Немного посовещавшись, мы решили в последний раз попытаться зажечь спичку. Совершенно неожиданно мне удалось это. Спичка звонко чиркнула, и в моей горсти затрепетало жаркое крохотное пламя.
— Горит! Джюгас, давай солому! Быстрее!
Пук соломы мгновенно запылал. Мы торопливо сложили небольшой костер. В башне стало светло. По ее развалившимся, усеянным щелями стенам запрыгали желтые отблески.
Большая, невыразимая радость затрепетала вместе с этим огоньком и внутри нас. Мы осмотрели бутылку. В ней действительно сидел кузнечик.
— Бедняжка, ведь он там мог задохнуться, — сокрушался Джюгас, стараясь вытряхнуть музыканта из бутылки.
Кузнечик, вновь почувствовав себя на свободе, оттолкнулся своими длинными ножками от колена Джюгаса и скакнул к порогу башни. Больше нам не довелось с ним встретиться.

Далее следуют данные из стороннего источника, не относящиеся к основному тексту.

(* For a selection $\mathtt{SEL}$ of the consistent set map, the chasing properties satisfy the implications (C) $\Rightarrow$ (A), (C) $\Rightarrow$ (D), (A) $\Rightarrow$ (B), and (D) $\Rightarrow$ (B); the reverse (and any other) implications between these properties do not hold in general.
   Context: $(\mathbb{T},\mathsf{K},d)$ is a compact parametrization of a set $\mathcal{F}$ of functions $\mathbb{N}\times\mathcal{X}\times\mathcal{U}\to\mathcal{X}$: $(\mathsf{K},d)$ compact metric, $\mathbb{T}:\mathsf{K}\to2^{\mathcal{F}}$, $\mathcal{F}\subseteq\bigcup_\theta\mathbb{T}[\theta]$. For a finite data set $\mathcal{D}$ of points $(t,x^+,x,u)$, $\mathsf{P}(\mathcal{D})$ is the closure of $\{\theta\in\mathsf{K}:\exists f\in\mathbb{T}[\theta],\ x^+=f(t,x,u)\ \forall(t,x^+,x,u)\in\mathcal{D}\}$; $\mathtt{SEL}$ is a selection if $\mathtt{SEL}[\mathcal{D}]\in\mathsf{P}(\mathcal{D})$. A property below holds for $\mathtt{SEL}$ if it holds for every data stream $\mathcal{D}_t=(d_1,\dots,d_t)$ for which some $f\in\mathcal{F}$ is consistent with all $\mathcal{D}_t$, with $\theta_t=\mathtt{SEL}[\mathcal{D}_t]$: (A) $\lim_t\theta_t$ exists; (B) $\lim_t d(\theta_t,\theta_{t-1})=0$; (C) ($\gamma$-competitive, some $\gamma$) $\sum_{t=t_1+1}^{t_2}d(\theta_t,\theta_{t-1})\le\gamma d_H(\mathsf{P}(\mathcal{D}_{t_2}),\mathsf{P}(\mathcal{D}_{t_1}))$ for all $t_1<t_2$; (D) ($(\gamma,T)$-weakly competitive) the same inequality for all $t_1<t_2$ with $t_2-t_1\le T$. $d_H$ is the Hausdorff distance. *)

theory Defs
  imports "HOL-Analysis.Analysis"
begin

text \<open>Functions N x X x U -> X and data points (t, x+, x, u).\<close>
type_synonym ('x,'u) dynfun = "nat \<Rightarrow> 'x \<Rightarrow> 'u \<Rightarrow> 'x"
type_synonym ('x,'u) datum = "nat \<times> 'x \<times> 'x \<times> 'u"

definition hausdorff_dist :: "'a::metric_space set \<Rightarrow> 'a set \<Rightarrow> real" where
  "hausdorff_dist A B = max (SUP a\<in>A. infdist a B) (SUP b\<in>B. infdist b A)"

definition consistent :: "('x,'u) dynfun \<Rightarrow> ('x,'u) datum set \<Rightarrow> bool" where
  "consistent f D \<longleftrightarrow> (\<forall>(t,xp,x,u)\<in>D. xp = f t x u)"

text \<open>(T, K, d) is a compact parametrization of F; the metric d is the one of the type 'k.\<close>
definition compact_parametrization ::
  "'k::metric_space set \<Rightarrow> ('k \<Rightarrow> ('x,'u) dynfun set) \<Rightarrow> ('x,'u) dynfun set \<Rightarrow> bool" where
  "compact_parametrization K T F \<longleftrightarrow>
     compact K \<and> (\<forall>\<theta>\<in>K. T \<theta> \<subseteq> F) \<and> F \<subseteq> (\<Union>\<theta>\<in>K. T \<theta>)"

definition consistent_set ::
  "'k::metric_space set \<Rightarrow> ('k \<Rightarrow> ('x,'u) dynfun set) \<Rightarrow> ('x,'u) datum set \<Rightarrow> 'k set" where
  "consistent_set K T D = closure {\<theta>\<in>K. \<exists>f\<in>T \<theta>. consistent f D}"

definition is_selection ::
  "'k::metric_space set \<Rightarrow> ('k \<Rightarrow> ('x,'u) dynfun set) \<Rightarrow> (('x,'u) datum set \<Rightarrow> 'k) \<Rightarrow> bool" where
  "is_selection K T SEL \<longleftrightarrow>
     (\<forall>D. finite D \<and> consistent_set K T D \<noteq> {} \<longrightarrow> SEL D \<in> consistent_set K T D)"

definition stream_data :: "(nat \<Rightarrow> ('x,'u) datum) \<Rightarrow> nat \<Rightarrow> ('x,'u) datum set" where
  "stream_data d t = d ` {1..t}"

definition admissible_stream :: "('x,'u) dynfun set \<Rightarrow> (nat \<Rightarrow> ('x,'u) datum) \<Rightarrow> bool" where
  "admissible_stream F d \<longleftrightarrow> (\<exists>f\<in>F. \<forall>t. consistent f (stream_data d t))"

definition chase_A where
  "chase_A K T F SEL \<longleftrightarrow> (\<forall>d. admissible_stream F d \<longrightarrow>
      convergent (\<lambda>t. SEL (stream_data d t) :: 'k::metric_space))"

definition chase_B where
  "chase_B K T F SEL \<longleftrightarrow> (\<forall>d. admissible_stream F d \<longrightarrow>
      (\<lambda>t. dist (SEL (stream_data d (Suc t))) (SEL (stream_data d t) :: 'k::metric_space))
        \<longlonglongrightarrow> 0)"

definition competitive_ineq ::
  "'k::metric_space set \<Rightarrow> ('k \<Rightarrow> ('x,'u) dynfun set) \<Rightarrow> (('x,'u) datum set \<Rightarrow> 'k)
     \<Rightarrow> real \<Rightarrow> (nat \<Rightarrow> ('x,'u) datum) \<Rightarrow> nat \<Rightarrow> nat \<Rightarrow> bool" where
  "competitive_ineq K T SEL \<gamma> d t1 t2 \<longleftrightarrow>
     (\<Sum>t\<in>{t1<..t2}. dist (SEL (stream_data d t)) (SEL (stream_data d (t - 1))))
       \<le> \<gamma> * hausdorff_dist (consistent_set K T (stream_data d t2)) (consistent_set K T (stream_data d t1))"

definition chase_C where
  "chase_C K T F SEL \<longleftrightarrow> (\<exists>\<gamma>. \<forall>d. admissible_stream F d \<longrightarrow>
      (\<forall>t1 t2. t1 < t2 \<longrightarrow> competitive_ineq K T SEL \<gamma> d t1 t2))"

definition chase_D where
  "chase_D K T F SEL \<longleftrightarrow> (\<exists>\<gamma> (N::nat). N \<ge> 1 \<and> (\<forall>d. admissible_stream F d \<longrightarrow>
      (\<forall>t1 t2. t1 < t2 \<and> t2 - t1 \<le> N \<longrightarrow> competitive_ineq K T SEL \<gamma> d t1 t2)))"

end

theory Submission
  imports Defs "HOL-Library.Log_Nat"
begin

text \<open>
  Under (C) the total movement of the selection is at most gamma times the diameter of K, so the
  selected parameters form a Cauchy sequence in the compact set K. Under (D) every single step is
  at most gamma times the Hausdorff distance between consecutive consistent sets; these form a
  nested sequence of nonempty compact sets, and consecutive members of such a sequence become
  Hausdorff close. (A) implies (B) and (C) implies (D) directly.

  A selection that jumps once while the consistent set stays fixed satisfies (A) but not (D).
  Conversely, let the parameter space consist of an interval far away and of countably many
  isolated points that leave the consistent set one at a time, each removal moving the consistent
  set by some weight w in the Hausdorff distance, with divergent total weight; dyadic points in
  blocks of shrinking scale, removed from the finest to the coarsest, do this. A selection that
  stays in the far interval and follows a cosine wave in the accumulated weight moves by at most
  2 w per removal, so it satisfies (D) with gamma = 2, yet it oscillates forever and (A) fails.
  All other non-implications follow from these two examples and the implications.
\<close>

section \<open>Hausdorff distance\<close>

lemma infdist_le_diameter:
  assumes "bounded K" "a \<in> K" "B \<subseteq> K" "B \<noteq> {}"
  shows "infdist a B \<le> diameter K"
proof -
  obtain b where "b \<in> B" using assms(4) by blast
  then have "infdist a B \<le> dist a b" by (rule infdist_le)
  also have "\<dots> \<le> diameter K" using assms \<open>b \<in> B\<close> by (intro diameter_bounded_bound) auto
  finally show ?thesis .
qed

lemma infdist_ge:
  assumes "A \<noteq> {}" "\<And>y. y \<in> A \<Longrightarrow> e \<le> dist x y"
  shows "e \<le> infdist x A"
  unfolding infdist_notempty[OF assms(1)] using assms by (auto intro: cINF_greatest)

lemma hausdorff_dist_ge_infdist:
  assumes "bounded B" "A \<noteq> {}" "b \<in> B"
  shows "infdist b A \<le> hausdorff_dist A B"
proof -
  obtain a where "a \<in> A" using assms(2) by blast
  obtain e where e: "\<And>y. y \<in> B \<Longrightarrow> dist a y \<le> e"
    using assms(1) bounded_any_center by blast
  have "infdist y A \<le> e" if "y \<in> B" for y
    using infdist_le2[OF \<open>a \<in> A\<close>, of y e] e[OF that] by (simp add: dist_commute)
  then have "bdd_above ((\<lambda>y. infdist y A) ` B)" by (rule bdd_aboveI2)
  then have "infdist b A \<le> (SUP y\<in>B. infdist y A)" by (rule cSUP_upper[OF assms(3)])
  then show ?thesis unfolding hausdorff_dist_def by simp
qed

lemma hausdorff_dist_nonneg:
  assumes "bounded B" "A \<noteq> {}" "B \<noteq> {}"
  shows "0 \<le> hausdorff_dist A B"
proof -
  obtain b where "b \<in> B" using assms(3) by blast
  then show ?thesis using hausdorff_dist_ge_infdist[OF assms(1,2)] infdist_nonneg[of b A] by force
qed

lemma hausdorff_dist_le:
  assumes "A \<noteq> {}" "B \<noteq> {}"
    and "\<And>a. a \<in> A \<Longrightarrow> infdist a B \<le> e" "\<And>b. b \<in> B \<Longrightarrow> infdist b A \<le> e"
  shows "hausdorff_dist A B \<le> e"
  unfolding hausdorff_dist_def using assms by (auto intro!: cSUP_least)

lemma hausdorff_dist_le_diameter:
  assumes "bounded K" "A \<subseteq> K" "B \<subseteq> K" "A \<noteq> {}" "B \<noteq> {}"
  shows "hausdorff_dist A B \<le> diameter K"
  using assms by (intro hausdorff_dist_le infdist_le_diameter) auto

lemma hausdorff_dist_refl:
  assumes "bounded A" "A \<noteq> {}"
  shows "hausdorff_dist A A = 0"
  using hausdorff_dist_le[OF assms(2,2), of 0] hausdorff_dist_nonneg[OF assms(1,2,2)] by simp

lemma decseq_compact_Inter_nonempty:
  fixes C :: "nat \<Rightarrow> 'a::metric_space set"
  assumes "\<And>t. compact (C t)" "\<And>t. C t \<noteq> {}" "decseq C"
  shows "\<Inter>(range C) \<noteq> {}"
proof -
  have "C 0 \<inter> \<Inter>(range C) \<noteq> {}"
  proof (rule compact_imp_fip[OF assms(1)])
    show "closed S" if "S \<in> range C" for S using that assms(1) compact_imp_closed by blast
    fix \<F> assume "finite \<F>" "\<F> \<subseteq> range C"
    then obtain I where I: "finite I" "\<F> = C ` I" by (meson finite_subset_image)
    define m where "m = Max (insert 0 I)"
    have "C m \<subseteq> C i" if "i \<in> insert 0 I" for i
      using decseqD[OF assms(3)] Max_ge[of "insert 0 I" i] I(1) that unfolding m_def by simp
    then show "C 0 \<inter> \<Inter>\<F> \<noteq> {}" using assms(2)[of m] I(2) by blast
  qed
  then show ?thesis by blast
qed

Если в костер не подбрасывать топлива, он погаснет. Эту истину знают все. Увидев, что в башне, кроме нескольких палок; больше нет ничего подходящего, мы вылезли наружу, чтобы набрать веток для нашего очага.
Вокруг нас мокрыми листьями шелестели кусты. Сквозь них мы увидели озеро. Оно уже совсем успокоилось. По небу, словно куски холста, проносились изодранные темные тучи.
Я уже хотел было отломить ветку от засохшей сосенки, как вдруг Джюгас схватил меня за руку.
— Смотри… туда… — зашептал он, показывая на край острова.
Там стоял мужчина. Он засунул в рот пальцы. Над озером прокатился пронзительный свист. На этот свист кто-то отозвался таким же свистом с противоположного берега. Тогда мужчина прыгнул в большую лодку (это был не наш «Христофор Колумб») и оттолкнулся от острова.
Кто этот человек, что он делал на острове? Может, это рыбак?..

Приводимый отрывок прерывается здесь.